### Assigned task
Everything from the line that holds "(- snd (dot_c" through the end of the data below should be output exactly, both ends included.

### Records for the exercise
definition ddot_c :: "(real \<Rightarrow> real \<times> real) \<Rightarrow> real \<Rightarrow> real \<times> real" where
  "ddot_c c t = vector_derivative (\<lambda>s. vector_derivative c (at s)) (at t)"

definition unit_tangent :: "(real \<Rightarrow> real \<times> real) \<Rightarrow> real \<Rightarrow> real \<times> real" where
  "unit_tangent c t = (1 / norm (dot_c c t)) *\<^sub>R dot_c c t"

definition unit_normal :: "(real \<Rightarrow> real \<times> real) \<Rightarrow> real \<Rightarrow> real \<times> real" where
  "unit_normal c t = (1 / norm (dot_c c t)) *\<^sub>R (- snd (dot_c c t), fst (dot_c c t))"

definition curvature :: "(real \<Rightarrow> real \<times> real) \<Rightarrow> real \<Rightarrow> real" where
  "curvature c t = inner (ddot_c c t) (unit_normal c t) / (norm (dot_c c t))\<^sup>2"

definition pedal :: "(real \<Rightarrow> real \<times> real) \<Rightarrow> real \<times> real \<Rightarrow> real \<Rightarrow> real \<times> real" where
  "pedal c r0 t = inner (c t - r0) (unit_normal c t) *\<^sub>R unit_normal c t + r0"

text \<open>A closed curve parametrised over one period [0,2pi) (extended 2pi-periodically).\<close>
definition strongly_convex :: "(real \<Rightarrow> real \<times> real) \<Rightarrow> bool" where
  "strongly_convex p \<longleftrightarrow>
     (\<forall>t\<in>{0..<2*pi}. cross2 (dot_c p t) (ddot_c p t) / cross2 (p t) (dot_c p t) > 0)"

### Finished exercise
  "unit_normal c t = (1 / norm (dot_c c t)) *\<^sub>R (- snd (dot_c c t), fst (dot_c c t))"

definition curvature :: "(real \<Rightarrow> real \<times> real) \<Rightarrow> real \<Rightarrow> real" where
  "curvature c t = inner (ddot_c c t) (unit_normal c t) / (norm (dot_c c t))\<^sup>2"

definition pedal :: "(real \<Rightarrow> real \<times> real) \<Rightarrow> real \<times> real \<Rightarrow> real \<Rightarrow> real \<times> real" where
  "pedal c r0 t = inner (c t - r0) (unit_normal c t) *\<^sub>R unit_normal c t + r0"

text \<open>A closed curve parametrised over one period [0,2pi) (extended 2pi-periodically).\<close>
definition strongly_convex :: "(real \<Rightarrow> real \<times> real) \<Rightarrow> bool" where
  "strongly_convex p \<longleftrightarrow>
     (\<forall>t\<in>{0..<2*pi}. cross2 (dot_c p t) (ddot_c p t) / cross2 (p t) (dot_c p t) > 0)"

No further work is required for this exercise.